Pain is a sensation realized by every individual at some point in his or her lives. Different causes of pain result in treatment by administration of drugs ranging from aspirin to morphine as the current standard of care. Morphine targets the opioid receptors as its  “on-target” mechanism of action. Unfortunately, prolonged treatment of pain with
morphine causes many adverse effects such as addiction, tolerance, nausea, sedation, respiratory depression, constipation, and others. Thus, understanding the different mechanisms for pain perception, discovery of new molecular targets to treat pain with minimal undesired side effects, and the discovery and development of new therapeutic
agents for the alleviation of pain is an on going effort by the scientific community world- wide.
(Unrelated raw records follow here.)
(* Let $\alpha_{\mathsf{snr},n_t}:=\int_0^{\sqrt{\mathsf{snr}}}\zeta_0(r)^{\frac{n_t-1}{2}}\zeta_2(r)^{\frac12}n_t r^{n_t-1}dr$. Then: (i) In the regime $n_t\,\mathsf{snr}\to0$, $\alpha_{\mathsf{snr},n_t}\sim\left(\frac2\pi\mathsf{snr}\right)^{n_t/2}$. (ii) In the regime $\mathsf{snr}/n_t\to\infty$, $$\alpha_{\mathsf{snr},n_t}\sim\begin{cases}\int_0^\infty\sqrt{\zeta_2(r)}\,dr,& n_t=1,\\ A_0^{\frac{n_t-1}{2}}A_2^{\frac12}\ln\mathsf{snr},& n_t=2,\\ \frac{2n_t}{n_t-2}A_0^{\frac{n_t-1}{2}}A_2^{\frac12}\,\mathsf{snr}^{\frac{n_t-2}{4}},& n_t\ge3.\end{cases}$$
   Context: $\phi(t)=\frac{1}{\sqrt{2\pi}}e^{-t^2/2}$, $Q(x)=\int_x^\infty\phi(t)dt$, $\xi(s):=\frac{\phi^2(s)}{Q(s)(1-Q(s))}$, $\zeta_k(t):=\mathbb{E}[S^k\xi(tS)]$ for $S\sim\mathcal{N}(0,1)$, $k\in\mathbb{Z}$. $A_0:=\frac{1}{\sqrt{2\pi}}\int_{-\infty}^{\infty}\xi(u)du$ and $A_2:=\frac{1}{\sqrt{2\pi}}\int_{-\infty}^{\infty}\xi(u)u^2du$. $a\sim b$ means $a/b\to1$ in the indicated limit. *)

theory Defs
  imports "HOL-Analysis.Analysis"
begin

definition phi :: "real \<Rightarrow> real" where
  "phi t = exp (- (t^2) / 2) / sqrt (2 * pi)"

definition Qf :: "real \<Rightarrow> real" where
  "Qf x = (LBINT t:{x..}. phi t)"

definition xi :: "real \<Rightarrow> real" where
  "xi s = (phi s)^2 / (Qf s * (1 - Qf s))"

definition zeta :: "int \<Rightarrow> real \<Rightarrow> real" where
  "zeta k t = (\<integral>s. (s powi k) * xi (t * s) * phi s \<partial>lborel)"

definition A0 :: real where
  "A0 = (1 / sqrt (2 * pi)) * (\<integral>u. xi u \<partial>lborel)"

definition A2 :: real where
  "A2 = (1 / sqrt (2 * pi)) * (\<integral>u. xi u * u^2 \<partial>lborel)"

definition alpha :: "real \<Rightarrow> nat \<Rightarrow> real" where
  "alpha snr nt = (LBINT r=0..sqrt snr.
      zeta 0 r powr ((real nt - 1) / 2) * sqrt (zeta 2 r) * real nt * r ^ (nt - 1))"

end

theory Submission
  imports Defs "HOL-Probability.Distributions"
begin

(* Near the origin: Q is phi(0)-Lipschitz with Q(0) = 1/2, so xi(x) = 2/pi + O(x^2), hence
   zeta_0(r) and zeta_2(r) are 2/pi + O(r^2), and Bernoulli's inequality turns the integral defining
   alpha into (2/pi snr)^(n/2) (1 + O(n snr)), uniformly in n.
   Far from it: the substitution u = r s turns r^(k+1) zeta_k(r) into the integral of xi(u) u^k phi(u/r),
   which lies between A_k - O(1/r^2) and A_k because 0 <= phi(0) - phi(u/r) <= phi(0) u^2/(2 r^2) and
   xi has Gaussian tails. So the integrand of alpha is n A0^((n-1)/2) A2^(1/2) r^((n-4)/2) (1 - O(1/r^2))^(n/2):
   integrable at infinity for n = 1, giving A0^(1/2) A2^(1/2) ln snr + O(1) for n = 2, and for n >= 3
   integrating to the power law, all of whose mass but a fraction theta^((n-2)/2) lies in
   [theta sqrt snr, sqrt snr], where the relative error is O(n/(theta^2 snr)). *)

lemma borel_measurable_lborel_integral_param:
  fixes f :: "real \<Rightarrow> real \<Rightarrow> real"
  assumes "(\<lambda>(x, y). f x y) \<in> borel_measurable (borel \<Otimes>\<^sub>M borel)"
  shows "(\<lambda>x. \<integral>y. f x y \<partial>lborel) \<in> borel_measurable borel"
proof -
  have "(\<lambda>(x, y). f x y) \<in> borel_measurable (borel \<Otimes>\<^sub>M lborel)"
    using assms by (simp add: measurable_cong_sets[OF sets_pair_measure_cong[OF refl sets_lborel] refl])
  from lborel.borel_measurable_lebesgue_integral[OF this] show ?thesis by simp
qed

lemma integral_pos_AE:
  fixes f :: "'a::euclidean_space \<Rightarrow> real"
  assumes "integrable lborel f" "AE x in lborel. 0 < f x"
  shows "0 < (\<integral>x. f x \<partial>lborel)"
proof -
  have nonneg: "AE x in lborel. 0 \<le> f x" using assms(2) by eventually_elim simp
  have "(\<integral>x. f x \<partial>lborel) \<noteq> 0"
  proof
    assume "(\<integral>x. f x \<partial>lborel) = 0"
    then have "AE x in lborel. f x = 0" using integral_nonneg_eq_0_iff_AE[OF assms(1) nonneg] by simp
    with assms(2) have "AE x in lborel. f x \<noteq> f x" by eventually_elim simp
    then show False by (simp add: eventually_False ae_filter_eq_bot_iff)
  qed
  with integral_nonneg_AE[OF nonneg] show ?thesis by linarith
qed

lemma set_integral_mono_subset:
  fixes f :: "'a \<Rightarrow> real"
  assumes "set_integrable M A f" "B \<in> sets M" "B \<subseteq> A" "\<And>x. x \<in> A \<Longrightarrow> 0 \<le> f x"
  shows "(LINT x:B|M. f x) \<le> (LINT x:A|M. f x)"
  using assms set_integrable_subset[OF assms(1-3)] unfolding set_lebesgue_integral_def set_integrable_def
  by (intro integral_mono) (auto simp: indicator_def)
lemma card_ge_if_spans_cols:
  assumes "invertible_n n M" "k \<le> n" "finite S" "\<forall>e\<in>{1..n}. in_col_span M k S e"
  shows "k \<le> card S"
proof (rule ccontr)
  assume "\<not> k \<le> card S"
  then obtain y where y: "\<exists>i\<in>{1..k}. y i \<noteq> 0" "\<forall>s\<in>S. (\<Sum>i\<in>{1..k}. M i s * y i) = 0"
    using homogeneous_system_nontrivial_solution[of S "{1..k}" "\<lambda>s i. M i s"] assms(3) by auto
  define y' where "y' i = (if i \<le> k then y i else 0)" for i
  have "(\<Sum>i\<in>{1..n}. y' i * M i e) = 0" if e: "e \<in> {1..n}" for e
  proof -
    obtain c where c: "col_coeffs M k S e c" using assms(4) e unfolding in_col_span_def by blast
    have "(\<Sum>i\<in>{1..n}. y' i * M i e) = (\<Sum>i\<in>{1..k}. y i * M i e)"
      unfolding y'_def by (rule sum.mono_neutral_cong_right) (use assms(2) in auto)
    also have "\<dots> = (\<Sum>i\<in>{1..k}. y i * (\<Sum>s\<in>S. c s * M i s))"
      using c unfolding col_coeffs_def by (intro sum.cong) auto
    also have "\<dots> = (\<Sum>s\<in>S. c s * (\<Sum>i\<in>{1..k}. M i s * y i))"
      by (simp add: sum_distrib_left sum.swap[of _ S] algebra_simps)
    finally show ?thesis using y(2) by simp
  qed
  then have "\<forall>i\<in>{1..n}. y' i = 0"
    using invertible_rows_indep[OF assms(1)] by blast
  moreover obtain i where "i \<in> {1..k}" "y i \<noteq> 0" using y(1) by blast
  ultimately show False using assms(2) unfolding y'_def by (metis atLeastAtMost_iff le_trans)
qed

lemma plucker_exchange_ne_0_iff:
  assumes I: "col_indep M k I" "finite I" "card I = k"
    and "i \<in> I" "j \<notin> I" "col_coeffs M k I j c"
  shows "plucker M ((I - {i}) \<union> {j}) \<noteq> 0 \<longleftrightarrow> c i \<noteq> 0"
proof -
  let ?S = "(I - {i}) \<union> {j}"
  have "card I \<noteq> 0" using I(2) assms(4) by auto
  then have "finite ?S" "card ?S = k"
    using I assms(4,5) by (auto simp: card_insert_if card_Diff_singleton)
  then have "plucker M ?S \<noteq> 0 \<longleftrightarrow> col_indep M k ?S"
    using plucker_ne_0_iff_col_indep by metis
  also have "\<dots> \<longleftrightarrow> \<not> in_col_span M k (I - {i}) j"
  proof
    assume "col_indep M k ?S"
    moreover have "?S - {j} = I - {i}" using assms(5) by auto
    ultimately show "\<not> in_col_span M k (I - {i}) j"
      using col_indep_not_in_col_span[of M k ?S j] \<open>finite ?S\<close> by auto
  next
    assume "\<not> in_col_span M k (I - {i}) j"
    moreover have "col_indep M k (I - {i})" using col_indep_subset[OF I(1) _ I(2)] by blast
    ultimately show "col_indep M k ?S"
      using col_indep_insert[of M k "I - {i}" j] I(2) by simp
  qed
  also have "\<dots> \<longleftrightarrow> c i \<noteq> 0"
    using in_col_span_iff_coeffs_vanish[OF I(1,2) _ assms(6), of "I - {i}"] assms(4) by auto
  finally show ?thesis .
qed

section \<open>Greedy bases for the shifted orders\<close>

(* Position of e in the order 1 < 2 < ... < t < n < n-1 < ... < t+1 on [n]. *)
definition shift_rank :: "nat \<Rightarrow> nat \<Rightarrow> nat \<Rightarrow> nat" where
  "shift_rank n t e = (if e \<le> t then e else n + t + 1 - e)"

definition earlier :: "nat \<Rightarrow> nat \<Rightarrow> nat \<Rightarrow> nat set" where
  "earlier n t e = {y \<in> {1..n}. shift_rank n t y < shift_rank n t e}"

(* The lexicographically first basis, for that order, of the columns of the top k rows. *)
definition greedy_basis :: "rmat \<Rightarrow> nat \<Rightarrow> nat \<Rightarrow> nat \<Rightarrow> nat set" where
  "greedy_basis M n k t = {e \<in> {1..n}. \<not> in_col_span M k (earlier n t e) e}"

lemma shift_rank_le_imp_less:
  "x \<le> n \<Longrightarrow> y \<le> n \<Longrightarrow> x \<noteq> y \<Longrightarrow> shift_rank n t x \<le> shift_rank n t y \<Longrightarrow> shift_rank n t x < shift_rank n t y"
  unfolding shift_rank_def by (auto split: if_splits)

lemma finite_earlier [simp]: "finite (earlier n t e)"
  unfolding earlier_def by simp

lemma greedy_basis_subset: "greedy_basis M n k t \<subseteq> {1..n}"
  unfolding greedy_basis_def by auto

lemma finite_greedy_basis [simp]: "finite (greedy_basis M n k t)"
  using finite_subset[OF greedy_basis_subset] by blast

lemma col_indep_greedy_basis: "col_indep M k (greedy_basis M n k t)"
  unfolding col_indep_def
proof (intro allI impI, rule ccontr)
  let ?G = "greedy_basis M n k t"
  fix c assume rel: "\<forall>i\<in>{1..k}. (\<Sum>x\<in>?G. c x * M i x) = 0" and "\<not> (\<forall>x\<in>?G. c x = 0)"
  define Z where "Z = {x \<in> ?G. c x \<noteq> 0}"
  have "finite Z" "Z \<noteq> {}" using \<open>\<not> _\<close> by (auto simp: Z_def)
  \<comment> \<open>the latest column of a nontrivial relation is spanned by earlier ones\<close>
  then obtain x0 where x0: "x0 \<in> Z" "shift_rank n t x0 = Max (shift_rank n t ` Z)"
    using Max_in[of "shift_rank n t ` Z"] by fastforce
  then have x0_max: "\<forall>y\<in>Z. shift_rank n t y \<le> shift_rank n t x0"
    using \<open>finite Z\<close> by simp
  have "(\<Sum>x\<in>Z. c x * M i x) = (\<Sum>x\<in>?G. c x * M i x)" for i
    unfolding Z_def by (rule sum.mono_neutral_left) auto
  then have "in_col_span M k (Z - {x0}) x0"
    using in_col_span_of_relation[OF \<open>finite Z\<close> x0(1)] x0(1) rel by (auto simp: Z_def)
  moreover have "Z - {x0} \<subseteq> earlier n t x0"
  proof
    fix y assume y: "y \<in> Z - {x0}"
    then have "y \<in> {1..n}" "x0 \<in> {1..n}"
      using x0(1) greedy_basis_subset[of M n k t] unfolding Z_def by auto
    then show "y \<in> earlier n t x0"
      using shift_rank_le_imp_less[of y n x0 t] x0_max y unfolding earlier_def by auto
  qed
  ultimately have "in_col_span M k (earlier n t x0) x0"
    by (rule in_col_span_mono) simp
  with x0(1) show False unfolding Z_def greedy_basis_def by auto
qed

lemma greedy_basis_spans_upto:
  assumes "e \<in> {1..n}"
  shows "in_col_span M k (greedy_basis M n k t \<inter> {y. shift_rank n t y \<le> shift_rank n t e}) e"
  using assms
proof (induction "shift_rank n t e" arbitrary: e rule: less_induct)
  case less
  let ?S = "greedy_basis M n k t \<inter> {y. shift_rank n t y \<le> shift_rank n t e}"
  show ?case
  proof (cases "e \<in> greedy_basis M n k t")
    case True
    then show ?thesis by (intro in_col_span_base) auto
  next
    case False
    with less.prems have "in_col_span M k (earlier n t e) e"
      unfolding greedy_basis_def by auto
    moreover have "in_col_span M k ?S y" if "y \<in> earlier n t e" for y
    proof -
      from that have "shift_rank n t y < shift_rank n t e" "y \<in> {1..n}"
        unfolding earlier_def by auto
      with less.hyps have "in_col_span M k (greedy_basis M n k t \<inter> {z. shift_rank n t z \<le> shift_rank n t y}) y"
        by blast
      then show ?thesis
        by (rule in_col_span_mono) (use \<open>shift_rank n t y < shift_rank n t e\<close> in auto)
    qed
    ultimately show ?thesis
      by (intro in_col_span_trans[of ?S "earlier n t e" M k]) auto
  qed
qed

lemma greedy_basis_spans_earlier:
  assumes "e \<in> {1..n} - greedy_basis M n k t"
  shows "in_col_span M k (greedy_basis M n k t \<inter> earlier n t e) e"
proof -
  have "shift_rank n t y < shift_rank n t e"
    if "y \<in> greedy_basis M n k t" "shift_rank n t y \<le> shift_rank n t e" for y
  proof -
    have "y \<le> n" "y \<noteq> e" using that(1) assms greedy_basis_subset[of M n k t] by auto
    then show ?thesis using shift_rank_le_imp_less[of y n e t] that(2) assms by auto
  qed
  then have "greedy_basis M n k t \<inter> {y. shift_rank n t y \<le> shift_rank n t e}
      = greedy_basis M n k t \<inter> earlier n t e"
    using greedy_basis_subset[of M n k t] unfolding earlier_def by fastforce
  then show ?thesis using greedy_basis_spans_upto[of e n M k t] assms by simp
qed

lemma card_greedy_basis:
  assumes "invertible_n n M" "k \<le> n"
  shows "card (greedy_basis M n k t) = k"
proof -
  have "in_col_span M k (greedy_basis M n k t) e" if "e \<in> {1..n}" for e
    using greedy_basis_spans_upto[OF that] by (rule in_col_span_mono) auto
  then have "k \<le> card (greedy_basis M n k t)"
    using card_ge_if_spans_cols[OF assms] by simp
  moreover have "card (greedy_basis M n k t) \<le> k"
    using col_indep_card_le[OF col_indep_greedy_basis] by simp
  ultimately show ?thesis by simp
qed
The goal of this research project is to characterize the unexplored human opioid receptor N-terminal domain peptides as a new chemotype for the treatment of pain and how they modulate opioid receptor pharmacology. The impact of the anticipated results
on the medicinal chemistry and pain research fields could advance the existing paradigms for ligand design strategies for opioid peptide based therapeutics, GPCR based therapeutics, as well as provide novel tools to probe the molecular mechanisms of pain management.

## Key facts

- **NIH application ID:** 10348174
- **Project number:** 5R01DA050894-03
- **Recipient organization:** UNIVERSITY OF MINNESOTA
- **Principal Investigator:** Carrie Haskell-Luevano
- **Activity code:** R01 (R01, R21, SBIR, etc.)
- **Funding institute:** NIH
- **Fiscal year:** 2022
- **Award amount:** $638,340
- **Award type:** 5
- **Project period:** 2020-05-01 → 2025-02-28

## Primary source

NIH RePORTER: https://reporter.nih.gov/project-details/10348174

## Citation

> US National Institutes of Health, RePORTER application 10348174, Chemical biology of Peptide Regulation of Opioid Receptor Function (5R01DA050894-03). Retrieved via AI Analytics 2026-05-23 from https://api.ai-analytics.org/grant/nih/10348174. Licensed CC0.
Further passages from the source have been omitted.